(* Let $A$ be a unital simple $C^*$-algebra and $\alpha$ a flow of $A$. Let $(u_\infty,u_1,u_2,\ldots)$ be a sequence of $\alpha$-cocycles such that $\lim_{n\to\infty}u_{n,t}=u_{\infty,t}$ uniformly in $t$ on every compact subset of $\mathbb{R}$. Then for any $\epsilon>0$ there exists a sequence $(w_\infty,w_1,w_2,\ldots)$ of invertible elements of $A$ such that $\lim_{n\to\infty}w_n=w_\infty$, $\|w_n-1\|<\epsilon$, and for each $m\in\{\infty,1,2,\ldots\}$ the function $t\mapsto v_{m,t}:=w_m^{-1}u_{m,t}\alpha_t(w_m)$ extends to an entire function $z\mapsto v_{m,z}$ on $\mathbb{C}$, and $\lim_{n\to\infty}v_{n,z}=v_{\infty,z}$ for every $z\in\mathbb{C}$.
   Context: A flow of $A$ is a strongly continuous one-parameter automorphism group $(\alpha_t)_{t\in\mathbb{R}}$ of $A$. An $\alpha$-cocycle is a norm-continuous map $t\mapsto u_t$ from $\mathbb{R}$ into the unitary group of $A$ satisfying $u_s\alpha_s(u_t)=u_{s+t}$ for all $s,t\in\mathbb{R}$. *)

theory Defs
  imports "HOL-Analysis.Analysis"
begin

text \<open>A unital C*-algebra is modelled on a type 'a carrying a real Banach algebra
structure with unit (norm 1 = 1), together with an explicit complex scalar
multiplication sc (extending scaleR) and an involution st satisfying the C*-identity.\<close>

definition cstar_algebra ::
  "(complex \<Rightarrow> 'a::{real_normed_algebra_1,banach} \<Rightarrow> 'a) \<Rightarrow> ('a \<Rightarrow> 'a) \<Rightarrow> bool" where
  "cstar_algebra sc st \<longleftrightarrow>
     (\<forall>r x. sc (complex_of_real r) x = scaleR r x) \<and>
     (\<forall>a b x. sc (a + b) x = sc a x + sc b x) \<and>
     (\<forall>a x y. sc a (x + y) = sc a x + sc a y) \<and>
     (\<forall>a b x. sc a (sc b x) = sc (a * b) x) \<and>
     (\<forall>a x y. sc a (x * y) = sc a x * y \<and> sc a (x * y) = x * sc a y) \<and>
     (\<forall>a x. norm (sc a x) = cmod a * norm x) \<and>
     (\<forall>x. st (st x) = x) \<and>
     (\<forall>x y. st (x + y) = st x + st y) \<and>
     (\<forall>a x. st (sc a x) = sc (cnj a) (st x)) \<and>
     (\<forall>x y. st (x * y) = st y * st x) \<and>
     (\<forall>x. norm (st x * x) = (norm x)\<^sup>2)"

definition closed_ideal ::
  "(complex \<Rightarrow> 'a::{real_normed_algebra_1,banach} \<Rightarrow> 'a) \<Rightarrow> 'a set \<Rightarrow> bool" where
  "closed_ideal sc I \<longleftrightarrow> closed I \<and> 0 \<in> I \<and>
     (\<forall>x\<in>I. \<forall>y\<in>I. x + y \<in> I) \<and>
     (\<forall>a. \<forall>x\<in>I. sc a x \<in> I) \<and>
     (\<forall>x\<in>I. \<forall>y. x * y \<in> I \<and> y * x \<in> I)"
(* Let $G$ be an infinite connected simple undirected graph with globally bounded vertex degree, $\deg(x)\le v<\infty$ for all vertices $x$, and suppose $G$ has internal scaling dimension $D$, i.e. $D_S(x)=D$ for every vertex $x$. Then the (unpurified) clique graph $G_{cl}$ also has internal scaling dimension $D$: for every clique $C$ of $G$, the limit $\lim_{n\to\infty}\ln(\#U^{cl}_n(C))/\ln n$ exists and equals $D$.
   Context: Graphs are simple and undirected with graph metric $d$ (minimal number of edges of a connecting path). For a vertex $x$, $U_n(x)=\{y:d(x,y)\le n\}$ and $D_n(x)=\ln(\#U_n(x))/\ln n$. The lower and upper internal scaling dimensions at $x$ are $\underline D_S(x)=\liminf_{n\to\infty}D_n(x)$ and $\overline D_S(x)=\limsup_{n\to\infty}D_n(x)$; if they coincide the common value is $D_S(x)$, and if $D_S(x)=D$ for all $x$ the graph has internal scaling dimension $D$. A clique is a maximal complete subgraph. The clique graph $G_{cl}$ has as vertices the cliques of $G$, two distinct cliques being adjacent iff they share at least one vertex; $U^{cl}_n(C)$ is the ball of radius $n$ around $C$ in the graph metric of $G_{cl}$. *)

theory Defs
  imports Complex_Main "HOL-Library.Extended_Nat"
begin

definition simple_graph :: "'a set \<Rightarrow> ('a \<Rightarrow> 'a \<Rightarrow> bool) \<Rightarrow> bool" where
  "simple_graph V E \<longleftrightarrow> (\<forall>x y. E x y \<longrightarrow> x \<in> V \<and> y \<in> V \<and> x \<noteq> y \<and> E y x)"

inductive walk :: "'a set \<Rightarrow> ('a \<Rightarrow> 'a \<Rightarrow> bool) \<Rightarrow> 'a \<Rightarrow> 'a \<Rightarrow> nat \<Rightarrow> bool"
  for V E where
  walk_refl: "x \<in> V \<Longrightarrow> walk V E x x 0"
| walk_step: "E x z \<Longrightarrow> x \<in> V \<Longrightarrow> walk V E z y n \<Longrightarrow> walk V E x y (Suc n)"

text \<open>Graph metric: minimal number of edges of a connecting path (infinity if none).\<close>
definition gdist :: "'a set \<Rightarrow> ('a \<Rightarrow> 'a \<Rightarrow> bool) \<Rightarrow> 'a \<Rightarrow> 'a \<Rightarrow> enat" where
  "gdist V E x y = (INF n \<in> {n. walk V E x y n}. enat n)"

definition connected_graph :: "'a set \<Rightarrow> ('a \<Rightarrow> 'a \<Rightarrow> bool) \<Rightarrow> bool" where
  "connected_graph V E \<longleftrightarrow> (\<forall>x\<in>V. \<forall>y\<in>V. gdist V E x y < \<infinity>)"

definition bounded_degree :: "'a set \<Rightarrow> ('a \<Rightarrow> 'a \<Rightarrow> bool) \<Rightarrow> bool" where
  "bounded_degree V E \<longleftrightarrow> (\<exists>v::nat. \<forall>x\<in>V. finite {y. E x y} \<and> card {y. E x y} \<le> v)"

definition gball :: "'a set \<Rightarrow> ('a \<Rightarrow> 'a \<Rightarrow> bool) \<Rightarrow> 'a \<Rightarrow> nat \<Rightarrow> 'a set" where
  "gball V E x n = {y \<in> V. gdist V E x y \<le> enat n}"

definition Dn :: "'a set \<Rightarrow> ('a \<Rightarrow> 'a \<Rightarrow> bool) \<Rightarrow> 'a \<Rightarrow> nat \<Rightarrow> real" where
  "Dn V E x n = ln (real (card (gball V E x n))) / ln (real n)"

definition has_scaling_dim :: "'a set \<Rightarrow> ('a \<Rightarrow> 'a \<Rightarrow> bool) \<Rightarrow> real \<Rightarrow> bool" where
  "has_scaling_dim V E D \<longleftrightarrow> (\<forall>x\<in>V. (\<lambda>n. Dn V E x n) \<longlonglongrightarrow> D)"
lemma graph_connected_lift:
  assumes "graph_connected W E"
    and edge: "\<And>x y. {x, y} \<in> E \<Longrightarrow> (\<lambda>a b. {a, b} \<in> E')\<^sup>*\<^sup>* x y"
    and vertex: "\<And>x. x \<in> W' \<Longrightarrow> \<exists>y\<in>W. (\<lambda>a b. {a, b} \<in> E')\<^sup>*\<^sup>* x y"
  shows "graph_connected W' E'"
  unfolding graph_connected_def
proof (intro ballI)
  let ?r = "\<lambda>a b. {a, b} \<in> E'"
  have symmetric: "symp ?r\<^sup>*\<^sup>*"
    by (rule symp_rtranclp) (auto intro: sympI simp: insert_commute)
  have lift: "?r\<^sup>*\<^sup>* x y" if "(\<lambda>a b. {a, b} \<in> E)\<^sup>*\<^sup>* x y" for x y
    using rtranclp_mono[of "\<lambda>a b. {a, b} \<in> E" "?r\<^sup>*\<^sup>*"] edge that by auto
  fix x y assume "x \<in> W'" "y \<in> W'"
  then obtain x' y' where "x' \<in> W" "?r\<^sup>*\<^sup>* x x'" "y' \<in> W" "?r\<^sup>*\<^sup>* y y'"
    using vertex by blast
  moreover have "?r\<^sup>*\<^sup>* x' y'"
    using lift assms(1) \<open>x' \<in> W\<close> \<open>y' \<in> W\<close> unfolding graph_connected_def by blast
  ultimately show "?r\<^sup>*\<^sup>* x y"
    using symmetric by (meson rtranclp_trans sympD)
qed

lemma sphere_triangulation_finite_verts:
  assumes "sphere_triangulation T"
  shows "finite (verts T)"
  unfolding verts_def
proof (rule finite_Union)
  show "finite T"
    using assms unfolding sphere_triangulation_def by blast
  show "finite F" if "F \<in> T" for F
  proof -
    have "card F = 3"
      using assms that unfolding sphere_triangulation_def by blast
    then show ?thesis
      by (simp add: card_ge_0_finite)
  qed
qed

lemma sphere_triangulation_finite_edges:
  assumes "sphere_triangulation T"
  shows "finite (edges T)"
proof (rule finite_subset)
  show "edges T \<subseteq> Pow (verts T)"
    unfolding edges_def verts_def by auto
  show "finite (Pow (verts T))"
    using sphere_triangulation_finite_verts[OF assms] by simp
qed

definition stellar :: "triangulation \<Rightarrow> nat set \<Rightarrow> nat \<Rightarrow> triangulation" where
  "stellar T F v = (T - {F}) \<union> (\<lambda>x. insert v (F - {x})) ` F"

locale stellar_subdivision =
  fixes T :: triangulation and F :: "nat set" and v :: nat
  assumes sphere: "sphere_triangulation T" and face: "F \<in> T" and fresh: "v \<notin> verts T"
begin

abbreviation cone_face :: "nat \<Rightarrow> nat set" where
  "cone_face x \<equiv> insert v (F - {x})"

lemma finite_faces: "finite T"
  and card_face: "G \<in> T \<Longrightarrow> card G = 3"
  and edge_degree: "e \<in> edges T \<Longrightarrow> card {G\<in>T. e \<subseteq> G} = 2"
  and connected_vlink: "w \<in> verts T \<Longrightarrow> graph_connected (\<Union>(vlink T w)) (vlink T w)"
  and connected: "graph_connected (verts T) (edges T)"
  and euler: "int (card (verts T)) - int (card (edges T)) + int (card T) = 2"
  using sphere unfolding sphere_triangulation_def by auto

lemma finite_verts: "finite (verts T)"
  using sphere by (rule sphere_triangulation_finite_verts)

lemma finite_edges: "finite (edges T)"
  using sphere by (rule sphere_triangulation_finite_edges)

lemma fresh_face: "G \<in> T \<Longrightarrow> v \<notin> G"
  using fresh unfolding verts_def by auto

lemma fresh_edge: "e \<in> edges T \<Longrightarrow> v \<notin> e"
  using fresh unfolding verts_def edges_def by auto

lemma card_F: "card F = 3" and finite_F: "finite F" and fresh_F: "v \<notin> F"
  using card_face[OF face] fresh_face[OF face] by (auto simp: card_ge_0_finite)

lemma inj_cone_face: "inj_on cone_face F"
proof (rule inj_onI)
  fix x y assume "x \<in> F" "y \<in> F" "cone_face x = cone_face y"
  then have "F - {x} = F - {y}"
    using fresh_F by (metis Diff_insert_absorb Diff_iff)
  then show "x = y"
    using \<open>x \<in> F\<close> by blast
qed

lemma cone_face_notin: "cone_face x \<notin> T"
  using fresh_face by blast

lemma card_cone_face: "x \<in> F \<Longrightarrow> card (cone_face x) = 3"
  using card_F finite_F fresh_F by simp

lemma card_stellar: "card (stellar T F v) = card T + 2"
proof -
  have "card (stellar T F v) = card (T - {F}) + card (cone_face ` F)"
    unfolding stellar_def using finite_faces finite_F cone_face_notin
    by (intro card_Un_disjoint) auto
  also have "\<dots> = card T + 2"
    using card_Diff1_less[OF finite_faces face] card_image[OF inj_cone_face] card_F
    by (simp only: card_Diff_singleton[OF face])
  finally show ?thesis .
qed

lemma verts_stellar: "verts (stellar T F v) = insert v (verts T)"
proof -
  have "F \<noteq> {}"
    using card_F by auto
  moreover have "\<Union>(cone_face ` F) = insert v F"
  proof
    show "\<Union>(cone_face ` F) \<subseteq> insert v F"
      by auto
    show "insert v F \<subseteq> \<Union>(cone_face ` F)"
    proof
      fix y assume "y \<in> insert v F"
      moreover obtain x where "x \<in> F" "x \<noteq> y"
        using card_ge_2_obtain_other[of F] card_F by auto
      ultimately show "y \<in> \<Union>(cone_face ` F)"
        by auto
    qed
  qed
  ultimately show ?thesis
    unfolding stellar_def verts_def using face by auto
qed

lemma edges_stellar_subset: "edges (stellar T F v) \<subseteq> edges T \<union> (\<lambda>y. {v, y}) ` F"
proof
  fix e assume "e \<in> edges (stellar T F v)"
  then obtain G where e: "card e = 2" "e \<subseteq> G" and G: "G \<in> T - {F} \<or> G \<in> cone_face ` F"
    unfolding edges_def stellar_def by auto
  show "e \<in> edges T \<union> (\<lambda>y. {v, y}) ` F"
  proof (cases "v \<in> e")
    case True
    have "card (e - {v}) = 1"
      using e(1) True by simp
    then obtain y where "e - {v} = {y}"
      by (auto simp: card_1_singleton_iff)
    then have "e = {v, y}"
      using True by blast
    then show ?thesis
      using G e fresh_face by auto
  next
    case False
    then have "\<exists>G'\<in>T. e \<subseteq> G'"
      using G e(2) face by auto
    then show ?thesis
      using e(1) unfolding edges_def by blast
  qed
qed

lemma edges_subset_stellar: "edges T \<union> (\<lambda>y. {v, y}) ` F \<subseteq> edges (stellar T F v)"
proof
  fix e assume "e \<in> edges T \<union> (\<lambda>y. {v, y}) ` F"
  then consider "e \<in> edges T" | y where "y \<in> F" "e = {v, y}"
    by blast
  then show "e \<in> edges (stellar T F v)"
  proof cases
    case 1
    then obtain G where e: "card e = 2" "e \<subseteq> G" "G \<in> T"
      unfolding edges_def by blast
    show ?thesis
    proof (cases "G = F")
      case True
      then obtain x where "x \<in> F" "e = F - {x}"
        using card_3_pair_complement card_F e by metis
      then show ?thesis
        using e(1) unfolding edges_def stellar_def by blast
    next
      case False
      then show ?thesis
        using e unfolding edges_def stellar_def by blast
    qed
  next
    case 2
    obtain x where "x \<in> F" "x \<noteq> y"
      using card_ge_2_obtain_other[of F] card_F by auto
    then have "cone_face x \<in> stellar T F v" "{v, y} \<subseteq> cone_face x"
      using 2 unfolding stellar_def by auto
    moreover have "card {v, y} = 2"
      using 2 fresh_F by (metis card_2_iff)
    ultimately show ?thesis
      using 2 unfolding edges_def by blast
  qed
qed

lemma edges_stellar: "edges (stellar T F v) = edges T \<union> (\<lambda>y. {v, y}) ` F"
  using edges_stellar_subset edges_subset_stellar by (rule antisym)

|---|

** TASK **
Lines with the word "shows" in them: report all of these from the listing above.

** ANSWER SECTION **
  shows "graph_connected W' E'"
  shows "finite (verts T)"
  shows "finite (edges T)"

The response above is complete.